PROBLEM DESCRIPTION
Please give back, word for word, each line from the start of the entries through the one in which "(CARD('p) - 1) div 2" is found.

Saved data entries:

theorem lemma11:
  fixes s :: nat
  assumes "odd (CARD('p::prime_card))"
    and "0 < s" and "s < CARD('p) - 1"
  shows "bpoly 1 s * pcompose (bpoly 1 s) [:0, -1:]
           = 1 - monom (1 :: 'p mod_ring) (CARD('p) - 1)
         \<and> degree (bpoly 1 s :: 'p mod_ring poly) = (CARD('p) - 1) div 2
         \<and> (\<exists>c A. c \<noteq> 0 \<and> finite A \<and>
           (bpoly 1 s :: 'p mod_ring poly) = smult c (\<Prod>a\<in>A. [:- a, 1:]))"
proof -
  let ?p = "CARD('p)" and ?b = "bpoly 1 s :: 'p mod_ring poly"
  let ?R = "{x. poly ?b x = 0}"
  have s: "s < ?p"
    using assms(3) by linarith
  have b0: "poly ?b 0 = 1"
    using assms by (intro poly_bpoly_one_0) auto
  then have "?b \<noteq> 0"
    by auto
  have root_pairs: "\<And>x. x \<noteq> 0 \<Longrightarrow> poly ?b x = 0 \<or> poly ?b (- x) = 0"
    using assms(2) s by (rule bpoly_one_root_or_root_neg)
  have "degree ?b \<le> (?p - 1) div 2"
    using bpoly_one_eq_expansion[OF assms(2) s] degree_bpoly_one_expansion_le
      of_nat_mod_ring_neq_0[OF assms(2) s] by simp
  moreover have "?p - 1 \<le> 2 * card ?R"
    using card_roots_ge_if_root_or_root_neg[of ?b, OF root_pairs] by simp
  moreover have "card ?R \<le> degree ?b"
    using \<open>?b \<noteq> 0\<close> by (rule card_poly_roots_bound)
  ultimately have deg: "degree ?b = (?p - 1) div 2" and card: "card ?R = degree ?b"
    by linarith+
  have "2 * degree ?b < CARD('p mod_ring)"
    using deg prime_gt_1_nat[OF prime_card[where 'a='p]] by simp
  then have "?b * pcompose ?b [:0, - 1:] = 1 - monom 1 (?p - 1)"
    using mult_pcompose_neg_eq_one_minus_monom[OF _ b0 root_pairs] by simp
  moreover have "?b = smult (lead_coeff ?b) (\<Prod>a\<in>?R. [:- a, 1:])"
    using card \<open>?b \<noteq> 0\<close> by (intro poly_eq_smult_prod_roots poly_roots_finite) auto
  moreover have "lead_coeff ?b \<noteq> 0"
    using \<open>?b \<noteq> 0\<close> by simp
  ultimately show ?thesis
    using deg poly_roots_finite[OF \<open>?b \<noteq> 0\<close>] by blast
qed

end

EXERCISE SOLUTION
theorem lemma11:
  fixes s :: nat
  assumes "odd (CARD('p::prime_card))"
    and "0 < s" and "s < CARD('p) - 1"
  shows "bpoly 1 s * pcompose (bpoly 1 s) [:0, -1:]
           = 1 - monom (1 :: 'p mod_ring) (CARD('p) - 1)
         \<and> degree (bpoly 1 s :: 'p mod_ring poly) = (CARD('p) - 1) div 2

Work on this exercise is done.